According to the ethics report, Krahenbuhl, who was appointed to lead UNRWA on March 30, 2014, started a relationship with Mohammedi late that year that ‘went beyond the professional’, created ‘a toxic environment,’ and caused ‘frequent embarrassment’. 

When directors who have since left raised it with Krahenbuhl, the report said ‘they felt increasingly isolated or marginalised’ and one believed it was key to his contract not being renewed.

The ethics office said Krahenbuhl established the post of senior adviser and followed ‘an extreme fast-track’ to give the job to Mohammedi. 

She travelled with him on the vast majority of his business travels, using waivers so she could travel business class with him, the report alleged.

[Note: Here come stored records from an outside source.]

(* Let $\mathbb T^2=\mathbb R^2/\mathbb Z^2$ carry the flat metric $g$ and area form $\sigma=dx\wedge dy$, and let $\alpha$ be a closed 1-form on $\mathbb T^2$. Let $\omega_\alpha$ be the 2-cocycle on $\mathfrak X_\sigma(\mathbb T^2)$ defined by $\omega_\alpha(H_f,H_h)=\int_{\mathbb T^2}f\,\alpha(H_h)\sigma$ for Hamiltonian vector fields $H_f,H_h$ with Hamiltonian functions $f,h$ of zero integral, and $\omega_\alpha(\partial_x,\partial_y)=\omega_\alpha(\partial_x,H_f)=\omega_\alpha(\partial_y,H_f)=0$. Consider the central extension $\mathbb R\times_{\omega_\alpha}\mathfrak X_\sigma(\mathbb T^2)$ (bracket $[(a,X),(b,Y)]=(\omega_\alpha(X,Y),[X,Y]_{\mathfrak g})$) with scalar product $ab+\int g(X,Y)\sigma$. Then a curve $(a,u)$ with $a=1$ satisfies the Euler equation if and only if there is a time dependent function $p$ with $$\partial_t u=-\nabla_uu-\psi_u\,\alpha^\sharp-\operatorname{grad}p,$$ where $\psi_u$ is the unique function with $d\psi_u=i_u\sigma-\langle i_u\sigma\rangle$ and $\int_{\mathbb T^2}\psi_u\sigma=0$.
   Context: $\mathfrak X_\sigma(\mathbb T^2)$ is the Lie algebra of symplectic (= divergence free) vector fields with bracket $[X,Y]_{\mathfrak g}$ the negative of the usual vector field bracket. For a 1-form $a\,dx+b\,dy$ on $\mathbb T^2$, its average is $\langle a\,dx+b\,dy\rangle=(\int a\sigma)dx+(\int b\sigma)dy$. $\alpha^\sharp$ is the vector field metrically dual to $\alpha$, $\nabla$ the Levi-Civita connection. The Euler equation in a Lie algebra with scalar product is $\dot w=-\operatorname{ad}(w)^\top w$. *)

theory Defs
  imports "HOL-Analysis.Analysis"
begin

definition Dir :: "'a::real_normed_vector \<Rightarrow> ('a \<Rightarrow> real) \<Rightarrow> 'a \<Rightarrow> real" where
  "Dir v f x = frechet_derivative f (at x) v"

fun pd :: "'a::real_normed_vector list \<Rightarrow> ('a \<Rightarrow> real) \<Rightarrow> 'a \<Rightarrow> real" where
  "pd [] f = f"
| "pd (v # vs) f = Dir v (pd vs f)"

definition smooth :: "('a::real_normed_vector \<Rightarrow> real) \<Rightarrow> bool" where
  "smooth f \<longleftrightarrow> (\<forall>vs x. pd vs f differentiable (at x))"

type_synonym pt = "real \<times> real"

definition periodic :: "(pt \<Rightarrow> 'b) \<Rightarrow> bool" where
  "periodic f \<longleftrightarrow> (\<forall>x y. f (x + 1, y) = f (x, y) \<and> f (x, y + 1) = f (x, y))"

(* smooth functions on T^2, viewed as Z^2-periodic smooth functions on R^2 *)
definition tfun :: "(pt \<Rightarrow> real) \<Rightarrow> bool" where
  "tfun f \<longleftrightarrow> smooth f \<and> periodic f"

definition Dx :: "(pt \<Rightarrow> real) \<Rightarrow> pt \<Rightarrow> real" where
  "Dx f = Dir (1, 0) f"

definition Dy :: "(pt \<Rightarrow> real) \<Rightarrow> pt \<Rightarrow> real" where
  "Dy f = Dir (0, 1) f"

(* integral against sigma = dx /\ dy over T^2 (fundamental domain [0,1]^2, total area 1) *)
definition tint :: "(pt \<Rightarrow> real) \<Rightarrow> real" where
  "tint f = integral (cbox (0, 0) (1, 1)) f"

(* vector fields X = X1 d/dx + X2 d/dy, represented by (X1, X2) *)
definition vf :: "(pt \<Rightarrow> pt) \<Rightarrow> bool" where
  "vf X \<longleftrightarrow> tfun (\<lambda>z. fst (X z)) \<and> tfun (\<lambda>z. snd (X z))"

definition divg :: "(pt \<Rightarrow> pt) \<Rightarrow> pt \<Rightarrow> real" where
  "divg X z = Dx (\<lambda>w. fst (X w)) z + Dy (\<lambda>w. snd (X w)) z"

(* X_sigma(T^2): symplectic = divergence free smooth vector fields *)
definition Xsigma :: "(pt \<Rightarrow> pt) set" where
  "Xsigma = {X. vf X \<and> (\<forall>z. divg X z = 0)}"

definition act :: "(pt \<Rightarrow> pt) \<Rightarrow> (pt \<Rightarrow> real) \<Rightarrow> pt \<Rightarrow> real" where
  "act X f z = fst (X z) * Dx f z + snd (X z) * Dy f z"

definition vf_bracket :: "(pt \<Rightarrow> pt) \<Rightarrow> (pt \<Rightarrow> pt) \<Rightarrow> pt \<Rightarrow> pt" where
  "vf_bracket X Y z =
     (act X (\<lambda>w. fst (Y w)) z - act Y (\<lambda>w. fst (X w)) z,
      act X (\<lambda>w. snd (Y w)) z - act Y (\<lambda>w. snd (X w)) z)"

definition lie_bracket :: "(pt \<Rightarrow> pt) \<Rightarrow> (pt \<Rightarrow> pt) \<Rightarrow> pt \<Rightarrow> pt" where
  "lie_bracket X Y z = - vf_bracket X Y z"

(* Levi-Civita connection of the flat metric: nabla_X Y *)
definition nabla :: "(pt \<Rightarrow> pt) \<Rightarrow> (pt \<Rightarrow> pt) \<Rightarrow> pt \<Rightarrow> pt" where
  "nabla X Y z = (act X (\<lambda>w. fst (Y w)) z, act X (\<lambda>w. snd (Y w)) z)"

(* 1-forms a dx + b dy, represented by (a, b) *)
definition closed_form :: "(pt \<Rightarrow> pt) \<Rightarrow> bool" where
  "closed_form \<alpha> \<longleftrightarrow> vf \<alpha> \<and> (\<forall>z. Dy (\<lambda>w. fst (\<alpha> w)) z = Dx (\<lambda>w. snd (\<alpha> w)) z)"

definition eval1 :: "(pt \<Rightarrow> pt) \<Rightarrow> (pt \<Rightarrow> pt) \<Rightarrow> pt \<Rightarrow> real" where
  "eval1 \<alpha> X z = fst (\<alpha> z) * fst (X z) + snd (\<alpha> z) * snd (X z)"

(* metric dual for the flat metric g = dx^2 + dy^2 *)
definition sharp :: "(pt \<Rightarrow> pt) \<Rightarrow> pt \<Rightarrow> pt" where
  "sharp \<alpha> z = \<alpha> z"

definition dfun :: "(pt \<Rightarrow> real) \<Rightarrow> pt \<Rightarrow> pt" where
  "dfun f z = (Dx f z, Dy f z)"

definition grad :: "(pt \<Rightarrow> real) \<Rightarrow> pt \<Rightarrow> pt" where
  "grad f = sharp (dfun f)"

The report said some former executive office staff reported that Krahenbuhl was away from UNRWA headquarters in Jerusalem for 28 to 29 days per month, claiming a daily allowance. 

It said he told a senior staff member in mid-November that he had made 52 trips up until that time in 2018.

UNRWA’s spokeswoman did not respond to an email seeking comment.

Mohammedi was quoted by Al Jazeera as rejecting accusations about her conduct as ‘false’ and ‘ill-intentioned’. 

Mitchell rejected all the allegations made in the report, including that she abused her power to secure an appointment for her spouse, and resigned in late July. According to Al Jazeera said Shahwan left in early July. 

Krahenbuhl ‘unreservedly’ rejected the characterisation of UNRWA and its senior leadership and said he was cooperating with the investigation and would implement any ‘corrective measures or other management actions’ it may recommend, Al Jazeera reported.